Pero el reconocimiento de estos derechos se queda corto si no se atiende también al otro componente urbano: atraer gente. Comenta Stefan Zweig en El mundo de ayer que «antes de 1914 la tierra era de todos. Todo el mundo iba a donde quería y permanecía allí el tiempo que quería (...). Me divierte la sorpresa de los jóvenes cada vez que les cuento que antes de 1914 viajé a la India y a América sin pasaporte (...). La gente subía y bajaba de los trenes y de los barcos sin preguntar ni ser preguntada». Sin embargo hoy la exigencia de ‘papeles’, estas «monsergas improductivas que a la vez envilecen el alma» (nuevamente Zweig), ha tomado carta de naturaleza y se escucha y se pretende justificar por todas partes. Antes las fronteras eran para los productos, no para las personas. Pero hoy se agudiza lo contrario. Y las ciudades, en su autismo ensimismado, se abotargan.

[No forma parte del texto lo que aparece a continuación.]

lemma neg_low_props:
  "agree_off (set [0..<n]) (neg_low n y) y"
  "reg_val [0..<n] (neg_low n y) =
     (if bit y n then (2 ^ n - reg_val [0..<n] y) mod 2 ^ n else reg_val [0..<n] y)"
proof -
  let ?R = "[0..<n]" and ?c = "cnot_fanout n [0..<n] y"
  have bit_c: "bit ?c j = (if j \<in> set ?R \<and> bit y n then \<not> bit y j else bit y j)" for j
    by (rule bit_cnot_fanout) auto
  then have "agree_off (set ?R) ?c y"
    by (auto simp: agree_off_def)
  then show "agree_off (set ?R) (neg_low n y) y"
    unfolding neg_low_def reg_add_def using agree_off_set_reg agree_off_trans by blast
  have val: "reg_val ?R (neg_low n y) = (reg_val ?R ?c + bitval y n) mod 2 ^ n"
    using bit_c[of n] by (simp add: neg_low_def reg_val_reg_add bitval_def)
  show "reg_val ?R (neg_low n y) = (if bit y n then (2 ^ n - reg_val ?R y) mod 2 ^ n else reg_val ?R y)"
  proof (cases "bit y n")
    case True
    then have "reg_val ?R ?c + reg_val ?R y = 2 ^ n - 1"
      using reg_val_complement[of ?R ?c y] bit_c by simp
    then have "reg_val ?R ?c + bitval y n = 2 ^ n - reg_val ?R y"
      using True reg_val_less[of ?R y] by (simp add: bitval_def)
    then show ?thesis
      using val True by simp
  next
    case False
    then have "?c = y"
      using bit_c by (intro bit_eqI) auto
    then show ?thesis
      using val False reg_val_less[of ?R y] by (simp add: bitval_def)
  qed
qed

lemma bit_neg_low_outside: "n \<le> j \<Longrightarrow> bit (neg_low n y) j = bit y j"
  using neg_low_props(1)[of n y] by (auto simp: agree_off_def)

lemma neg_low_involution: "neg_low n (neg_low n y) = y"
proof (rule agree_off_reg_val_eqI[of "[0..<n]"])
  show "agree_off (set [0..<n]) (neg_low n (neg_low n y)) y"
    using neg_low_props(1) agree_off_trans by blast
  have "bit (neg_low n y) n = bit y n"
    by (simp add: bit_neg_low_outside)
  moreover have "reg_val [0..<n] y < 2 ^ n"
    using reg_val_less[of "[0..<n]" y] by simp
  ultimately show "reg_val [0..<n] (neg_low n (neg_low n y)) = reg_val [0..<n] y"
    using neg_low_props(2)[of n y] neg_low_props(2)[of n "neg_low n y"]
    by (cases "reg_val [0..<n] y = 0") simp_all
qed

lemma neg_low_eq_iff: "neg_low n a = b \<longleftrightarrow> a = neg_low n b"
  by (metis neg_low_involution)

lemma neg_low_less_exp: "y < 2 ^ m \<Longrightarrow> n < m \<Longrightarrow> neg_low n y < 2 ^ m"
  unfolding neg_low_def by (rule reg_add_less_exp) (auto simp: cnot_fanout_less_exp)

lemma neg_low_low: "r < 2 ^ n \<Longrightarrow> neg_low n r = r"
proof (rule agree_off_reg_val_eqI[of "[0..<n]"])
  assume "r < 2 ^ n"
  then show "reg_val [0..<n] (neg_low n r) = reg_val [0..<n] r"
    using neg_low_props(2)[of n r] not_bit_if_less_exp[of r n n] by simp
qed (rule neg_low_props(1))
(* Let $\epsilon\ge 0$ and $\delta\in(0,1)$. Let $f_{+,\epsilon}\in\arg\max_{f\in\mathcal{R}(\epsilon)}MR(f)$ and $f_{-,\epsilon}\in\arg\min_{f\in\mathcal{R}(\epsilon)}MR(f)$. Suppose $f_{+,\epsilon}$ and $f_{-,\epsilon}$ each satisfy the bounded individual loss, bounded relative loss and bounded aggregate loss assumptions (with constants $B_{\text{ind}},B_{\text{ref}},b_{\text{orig}},B_{\text{switch}}$). Then $$\mathbb{P}\left(MCR_+(\epsilon)>\widehat{MCR}_+(\epsilon_1)+\mathcal{Q}_1\right)\le\delta,\qquad \mathbb{P}\left(MCR_-(\epsilon)<\widehat{MCR}_-(\epsilon_1)-\mathcal{Q}_1\right)\le\delta,$$ where $\epsilon_1:=\epsilon+2B_{\text{ref}}\sqrt{\frac{\log(3\delta^{-1})}{2n}}$ and $$\mathcal{Q}_1:=\frac{B_{\text{switch}}}{b_{\text{orig}}}-\frac{B_{\text{switch}}-B_{\text{ind}}\sqrt{\frac{\log(6\delta^{-1})}{n}}}{b_{\text{orig}}+B_{\text{ind}}\sqrt{\frac{\log(6\delta^{-1})}{2n}}}.$$
   Context: Let $Z=(Y,X_1,X_2)$ be a random variable on $\mathcal{Z}=\mathcal{Y}\times\mathcal{X}_1\times\mathcal{X}_2$, $\mathcal{X}=\mathcal{X}_1\times\mathcal{X}_2$. A model class $\mathcal{F}$ is a set of measurable functions $\mathcal{X}\to\mathcal{Y}$; $L:\mathcal{F}\times\mathcal{Z}\to\mathbb{R}_{\ge0}$ is a nonnegative loss. The data are $n\ge2$ i.i.d. copies $(y_i,x_{1,i},x_{2,i})$, $i=1,\dots,n$, of $Z$. Define $e_{\text{orig}}(f)=\mathbb{E}L(f,Z)$; $e_{\text{switch}}(f)=\mathbb{E}L(f,(Y^{(b)},X_1^{(a)},X_2^{(b)}))$ with $Z^{(a)},Z^{(b)}$ independent copies of $Z$; $MR(f)=e_{\text{switch}}(f)/e_{\text{orig}}(f)$. Empirically, $\hat e_{\text{orig}}(f)=\frac1n\sum_i L(f,(y_i,x_{1,i},x_{2,i}))$, $\hat e_{\text{switch}}(f)=\frac{1}{n(n-1)}\sum_i\sum_{j\neq i}L(f,(y_j,x_{1,i},x_{2,j}))$, $\widehat{MR}(f)=\hat e_{\text{switch}}(f)/\hat e_{\text{orig}}(f)$. A reference model $f_{\text{ref}}\in\mathcal{F}$ is fixed in advance (not data dependent). Rashomon sets: $\mathcal{R}(\epsilon)=\{f\in\mathcal{F}:e_{\text{orig}}(f)\le e_{\text{orig}}(f_{\text{ref}})+\epsilon\}$ and $\hat{\mathcal{R}}(\epsilon)=\{f_{\text{ref}}\}\cup\{f\in\mathcal{F}:\hat e_{\text{orig}}(f)\le \hat e_{\text{orig}}(f_{\text{ref}})+\epsilon\}$. Model class reliance: $MCR_+(\epsilon)=\max_{f\in\mathcal{R}(\epsilon)}MR(f)$, $MCR_-(\epsilon)=\min_{f\in\mathcal{R}(\epsilon)}MR(f)$, $\widehat{MCR}_+(\epsilon)=\max_{f\in\hat{\mathcal{R}}(\epsilon)}\widehat{MR}(f)$, $\widehat{MCR}_-(\epsilon)=\min_{f\in\hat{\mathcal{R}}(\epsilon)}\widehat{MR}(f)$. Standing assumption: all maxima/minima over these sets exist. Assumptions for a model $f$ (with known constants): bounded individual loss: $0\le L(f,z)\le B_{\text{ind}}$ for all $z\in\mathcal{Z}$; bounded relative loss: $|L(f,z)-L(f_{\text{ref}},z)|\le B_{\text{ref}}$ for all $z\in\mathcal{Z}$; bounded aggregate loss: $\mathbb{P}\{0<b_{\text{orig}}\le\hat e_{\text{orig}}(f)\}=\mathbb{P}\{\hat e_{\text{switch}}(f)\le B_{\text{switch}}\}=1$. *)

theory Defs
  imports "HOL-Probability.Probability"
begin

definition switch_pt :: "'y \<times> 'x1 \<times> 'x2 \<Rightarrow> 'y \<times> 'x1 \<times> 'x2 \<Rightarrow> 'y \<times> 'x1 \<times> 'x2" where
  "switch_pt za zb = (fst zb, fst (snd za), snd (snd zb))"

definition e_orig :: "('y \<times> 'x1 \<times> 'x2) measure \<Rightarrow> ('f \<Rightarrow> 'y \<times> 'x1 \<times> 'x2 \<Rightarrow> real) \<Rightarrow> 'f \<Rightarrow> real" where
  "e_orig D L f = (\<integral>z. L f z \<partial>D)"

definition e_switch :: "('y \<times> 'x1 \<times> 'x2) measure \<Rightarrow> ('f \<Rightarrow> 'y \<times> 'x1 \<times> 'x2 \<Rightarrow> real) \<Rightarrow> 'f \<Rightarrow> real" where
  "e_switch D L f = (\<integral>p. L f (switch_pt (fst p) (snd p)) \<partial>(D \<Otimes>\<^sub>M D))"

definition MR :: "('y \<times> 'x1 \<times> 'x2) measure \<Rightarrow> ('f \<Rightarrow> 'y \<times> 'x1 \<times> 'x2 \<Rightarrow> real) \<Rightarrow> 'f \<Rightarrow> real" where
  "MR D L f = e_switch D L f / e_orig D L f"

definition rashomon :: "'f set \<Rightarrow> ('y \<times> 'x1 \<times> 'x2) measure \<Rightarrow> ('f \<Rightarrow> 'y \<times> 'x1 \<times> 'x2 \<Rightarrow> real) \<Rightarrow> 'f \<Rightarrow> real \<Rightarrow> 'f set" where
  "rashomon F D L fref eps = {f \<in> F. e_orig D L f \<le> e_orig D L fref + eps}"

definition MCR_plus :: "'f set \<Rightarrow> ('y \<times> 'x1 \<times> 'x2) measure \<Rightarrow> ('f \<Rightarrow> 'y \<times> 'x1 \<times> 'x2 \<Rightarrow> real) \<Rightarrow> 'f \<Rightarrow> real \<Rightarrow> real" where
  "MCR_plus F D L fref eps = (SUP f \<in> rashomon F D L fref eps. MR D L f)"

definition MCR_minus :: "'f set \<Rightarrow> ('y \<times> 'x1 \<times> 'x2) measure \<Rightarrow> ('f \<Rightarrow> 'y \<times> 'x1 \<times> 'x2 \<Rightarrow> real) \<Rightarrow> 'f \<Rightarrow> real \<Rightarrow> real" where
  "MCR_minus F D L fref eps = (INF f \<in> rashomon F D L fref eps. MR D L f)"

definition emp_orig :: "nat \<Rightarrow> ('f \<Rightarrow> 'y \<times> 'x1 \<times> 'x2 \<Rightarrow> real) \<Rightarrow> (nat \<Rightarrow> 'w \<Rightarrow> 'y \<times> 'x1 \<times> 'x2) \<Rightarrow> 'f \<Rightarrow> 'w \<Rightarrow> real" where
  "emp_orig n L Z f w = (\<Sum>i<n. L f (Z i w)) / real n"

definition emp_switch :: "nat \<Rightarrow> ('f \<Rightarrow> 'y \<times> 'x1 \<times> 'x2 \<Rightarrow> real) \<Rightarrow> (nat \<Rightarrow> 'w \<Rightarrow> 'y \<times> 'x1 \<times> 'x2) \<Rightarrow> 'f \<Rightarrow> 'w \<Rightarrow> real" where
  "emp_switch n L Z f w =
     (\<Sum>i<n. \<Sum>j\<in>{..<n} - {i}. L f (switch_pt (Z i w) (Z j w))) / (real n * (real n - 1))"

definition emp_MR :: "nat \<Rightarrow> ('f \<Rightarrow> 'y \<times> 'x1 \<times> 'x2 \<Rightarrow> real) \<Rightarrow> (nat \<Rightarrow> 'w \<Rightarrow> 'y \<times> 'x1 \<times> 'x2) \<Rightarrow> 'f \<Rightarrow> 'w \<Rightarrow> real" where
  "emp_MR n L Z f w = emp_switch n L Z f w / emp_orig n L Z f w"

definition emp_rashomon :: "'f set \<Rightarrow> nat \<Rightarrow> ('f \<Rightarrow> 'y \<times> 'x1 \<times> 'x2 \<Rightarrow> real) \<Rightarrow> (nat \<Rightarrow> 'w \<Rightarrow> 'y \<times> 'x1 \<times> 'x2) \<Rightarrow> 'f \<Rightarrow> real \<Rightarrow> 'w \<Rightarrow> 'f set" where
  "emp_rashomon F n L Z fref eps w =
     insert fref {f \<in> F. emp_orig n L Z f w \<le> emp_orig n L Z fref w + eps}"

definition emp_MCR_plus :: "'f set \<Rightarrow> nat \<Rightarrow> ('f \<Rightarrow> 'y \<times> 'x1 \<times> 'x2 \<Rightarrow> real) \<Rightarrow> (nat \<Rightarrow> 'w \<Rightarrow> 'y \<times> 'x1 \<times> 'x2) \<Rightarrow> 'f \<Rightarrow> real \<Rightarrow> 'w \<Rightarrow> real" where
  "emp_MCR_plus F n L Z fref eps w = (SUP f \<in> emp_rashomon F n L Z fref eps w. emp_MR n L Z f w)"

definition emp_MCR_minus :: "'f set \<Rightarrow> nat \<Rightarrow> ('f \<Rightarrow> 'y \<times> 'x1 \<times> 'x2 \<Rightarrow> real) \<Rightarrow> (nat \<Rightarrow> 'w \<Rightarrow> 'y \<times> 'x1 \<times> 'x2) \<Rightarrow> 'f \<Rightarrow> real \<Rightarrow> 'w \<Rightarrow> real" where
  "emp_MCR_minus F n L Z fref eps w = (INF f \<in> emp_rashomon F n L Z fref eps w. emp_MR n L Z f w)"

end

theory Submission
  imports Defs
begin

text \<open>
  For a fixed model \<open>f\<close> the population ratio \<open>MR f = e_switch f / e_orig f\<close> and its empirical
  counterpart differ only through the deviations of two averages: the sample mean \<open>emp_orig f\<close>
  and the U-statistic \<open>emp_switch f\<close> of order two. Hoeffding's inequality controls the sample mean.
  For the U-statistic we use Hoeffding's representation of it as the average, over all permutations
  \<open>\<sigma>\<close> of the sample, of means of the \<open>n div 2\<close> independent terms
  \<open>h (Z (\<sigma> (2 j)), Z (\<sigma> (2 j + 1)))\<close>; by Jensen's inequality its moment generating function is
  at most that of a single such mean, and Chernoff's bound applies. With probability at least
  \<open>1 - 2\<delta>/3\<close> the two deviations are at most \<open>B_ind sqrt (ln (6/\<delta>) / n)\<close> and
  \<open>B_ind sqrt (ln (6/\<delta>) / (2 n))\<close>, which moves the ratio by at most \<open>Q1\<close>; with probability at
  least \<open>1 - \<delta>/3\<close> Hoeffding's inequality for \<open>L f - L fref\<close> puts \<open>f\<close> into the empirical
  Rashomon set of radius \<open>\<epsilon>\<^sub>1\<close>. Applied to the models attaining \<open>MCR_plus\<close> and
  \<open>MCR_minus\<close>, this compares them with the empirical extremes over that set.
\<close>

section \<open>Statements holding outside a small event\<close>

definition holds_up_to :: "'a measure \<Rightarrow> real \<Rightarrow> ('a \<Rightarrow> bool) \<Rightarrow> bool" where
  "holds_up_to M d P \<longleftrightarrow> (\<exists>A\<in>sets M. measure M A \<le> d \<and> (\<forall>w\<in>space M - A. P w))"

Los anteriores derechos dibujan por fuerza un urbanismo hospitalario, cuyo leit motiv será el reconocimiento del derecho de asentamiento. Pues ya que «nadie tiene originariamente más derecho que otro a estar en un determinado lugar del planeta» (Kant), es de ley favorecer la llegada del otro. Y las ciudades tendrán que dar la cara en su defensa. La tardanza en este reconocimiento sólo añade sufrimiento innecesario (una noticia habitual de los periódicos). El urbanismo y las ciudades vivieron momentos de renacimiento cuando se demolieron las murallas que las constreñían y lastraban. Ha llegado ya el momento de demoler otras murallas: las ciudades y el urbanismo revivirán nuevamente.